**Description of the task**
Below are the records. Transcribe them exactly.

**Stored data entries**
========================================================================

(* Let $(\mathbb{K},|\cdot|)$ be an algebraically closed normed field, $f\in\mathbb{K}[z]$ a polynomial of degree $n\ge2$, $\xi\in\mathbb{K}^n$ a root-vector of $f$, $N\ge1$ and $1\le p\le\infty$. Suppose $x^{(0)}\in\mathbb{K}^n$ has pairwise distinct components and $\Psi(E(x^{(0)}))\le2$. Then $f$ has only simple zeros, and the $N$th Weierstrass-type iteration $x^{(k+1)}=T^{(N)}(x^{(k)})$ is well-defined and converges to $\xi$ with error estimates \[ \|x^{(k+1)}-\xi\|\preceq\lambda^{N(N+1)^k}\|x^{(k)}-\xi\|,\qquad \|x^{(k)}-\xi\|\preceq\lambda^{(N+1)^k-1}\|x^{(0)}-\xi\| \] for all $k\ge0$, where $\lambda=\phi(E(x^{(0)}))$. Moreover, if $\Psi(E(x^{(0)}))<2$, the iteration converges to $\xi$ with order of convergence $N+1$.
   Context: $a_0$ is the leading coefficient of $f$. For $1\le p\le\infty$, $\|x\|_p=(\sum_i|x_i|^p)^{1/p}$ (max-norm if $p=\infty$). For $x\in\mathbb{K}^n$, $\|x\|=(|x_1|,\dots,|x_n|)\in\mathbb{R}^n$ and $\preceq$ is the coordinatewise order on $\mathbb{R}^n$. $d(x)=(d_1(x),\dots,d_n(x))$, $d_i(x)=\min_{j\ne i}|x_i-x_j|$; for $x\in\mathbb{K}^n$, $y\in\mathbb{R}^n$ with nonzero components, $x/y=(|x_1|/y_1,\dots,|x_n|/y_n)$. A root-vector of $f$ is $\xi\in\mathbb{K}^n$ with $f(z)=a_0\prod_i(z-\xi_i)$ for all $z$. $E(x)=\|(x-\xi)/d(x)\|_p$. Weierstrass-type maps: $T^{(0)}(x)=x$ on $D_0=\mathbb{K}^n$; $D_{N+1}=\{x\in D_N: x_i\ne T^{(N)}_j(x)\ \forall i\ne j\}$, and for $x\in D_{N+1}$, $T^{(N+1)}_i(x)=x_i-\dfrac{f(x_i)}{a_0\prod_{j\ne i}(x_i-T^{(N)}_j(x))}$. The iteration is well-defined if $x^{(k)}\in D_N$ for all $k$. $\omega(t)=\left(1+\frac{t}{(n-1)^{1/p}}\right)^{n-1}$ (with $(n-1)^{1/p}=1$ if $p=\infty$), $\Psi(t)=(1+2t)\omega(t)$ for $t\ge0$, $R$ the unique positive solution of $\Psi(t)=2$, and $\phi(t)=\dfrac{\omega(t)-1}{1-2t\omega(t)}$ for $t\in[0,R]$. *)

theory Defs
  imports "HOL-Computational_Algebra.Polynomial" "HOL-Library.Extended_Real"
begin

definition abs_value :: "('a::field \<Rightarrow> real) \<Rightarrow> bool" where
  "abs_value nv \<longleftrightarrow>
     (\<forall>x. nv x \<ge> 0) \<and> (\<forall>x. nv x = 0 \<longleftrightarrow> x = 0) \<and>
     (\<forall>x y. nv (x * y) = nv x * nv y) \<and> (\<forall>x y. nv (x + y) \<le> nv x + nv y)"

text \<open>Vectors in K^n are functions nat => 'a; only components 0..n-1 matter.\<close>

definition root_vector :: "'a::field poly \<Rightarrow> nat \<Rightarrow> (nat \<Rightarrow> 'a) \<Rightarrow> bool" where
  "root_vector f n \<xi> \<longleftrightarrow> (\<forall>z. poly f z = lead_coeff f * (\<Prod>i<n. (z - \<xi> i)))"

========================================================================

**Answer**
(* Let $(\mathbb{K},|\cdot|)$ be an algebraically closed normed field, $f\in\mathbb{K}[z]$ a polynomial of degree $n\ge2$, $\xi\in\mathbb{K}^n$ a root-vector of $f$, $N\ge1$ and $1\le p\le\infty$. Suppose $x^{(0)}\in\mathbb{K}^n$ has pairwise distinct components and $\Psi(E(x^{(0)}))\le2$. Then $f$ has only simple zeros, and the $N$th Weierstrass-type iteration $x^{(k+1)}=T^{(N)}(x^{(k)})$ is well-defined and converges to $\xi$ with error estimates \[ \|x^{(k+1)}-\xi\|\preceq\lambda^{N(N+1)^k}\|x^{(k)}-\xi\|,\qquad \|x^{(k)}-\xi\|\preceq\lambda^{(N+1)^k-1}\|x^{(0)}-\xi\| \] for all $k\ge0$, where $\lambda=\phi(E(x^{(0)}))$. Moreover, if $\Psi(E(x^{(0)}))<2$, the iteration converges to $\xi$ with order of convergence $N+1$.
   Context: $a_0$ is the leading coefficient of $f$. For $1\le p\le\infty$, $\|x\|_p=(\sum_i|x_i|^p)^{1/p}$ (max-norm if $p=\infty$). For $x\in\mathbb{K}^n$, $\|x\|=(|x_1|,\dots,|x_n|)\in\mathbb{R}^n$ and $\preceq$ is the coordinatewise order on $\mathbb{R}^n$. $d(x)=(d_1(x),\dots,d_n(x))$, $d_i(x)=\min_{j\ne i}|x_i-x_j|$; for $x\in\mathbb{K}^n$, $y\in\mathbb{R}^n$ with nonzero components, $x/y=(|x_1|/y_1,\dots,|x_n|/y_n)$. A root-vector of $f$ is $\xi\in\mathbb{K}^n$ with $f(z)=a_0\prod_i(z-\xi_i)$ for all $z$. $E(x)=\|(x-\xi)/d(x)\|_p$. Weierstrass-type maps: $T^{(0)}(x)=x$ on $D_0=\mathbb{K}^n$; $D_{N+1}=\{x\in D_N: x_i\ne T^{(N)}_j(x)\ \forall i\ne j\}$, and for $x\in D_{N+1}$, $T^{(N+1)}_i(x)=x_i-\dfrac{f(x_i)}{a_0\prod_{j\ne i}(x_i-T^{(N)}_j(x))}$. The iteration is well-defined if $x^{(k)}\in D_N$ for all $k$. $\omega(t)=\left(1+\frac{t}{(n-1)^{1/p}}\right)^{n-1}$ (with $(n-1)^{1/p}=1$ if $p=\infty$), $\Psi(t)=(1+2t)\omega(t)$ for $t\ge0$, $R$ the unique positive solution of $\Psi(t)=2$, and $\phi(t)=\dfrac{\omega(t)-1}{1-2t\omega(t)}$ for $t\in[0,R]$. *)

theory Defs
  imports "HOL-Computational_Algebra.Polynomial" "HOL-Library.Extended_Real"
begin

definition abs_value :: "('a::field \<Rightarrow> real) \<Rightarrow> bool" where
  "abs_value nv \<longleftrightarrow>
     (\<forall>x. nv x \<ge> 0) \<and> (\<forall>x. nv x = 0 \<longleftrightarrow> x = 0) \<and>
     (\<forall>x y. nv (x * y) = nv x * nv y) \<and> (\<forall>x y. nv (x + y) \<le> nv x + nv y)"

text \<open>Vectors in K^n are functions nat => 'a; only components 0..n-1 matter.\<close>

definition root_vector :: "'a::field poly \<Rightarrow> nat \<Rightarrow> (nat \<Rightarrow> 'a) \<Rightarrow> bool" where
  "root_vector f n \<xi> \<longleftrightarrow> (\<forall>z. poly f z = lead_coeff f * (\<Prod>i<n. (z - \<xi> i)))"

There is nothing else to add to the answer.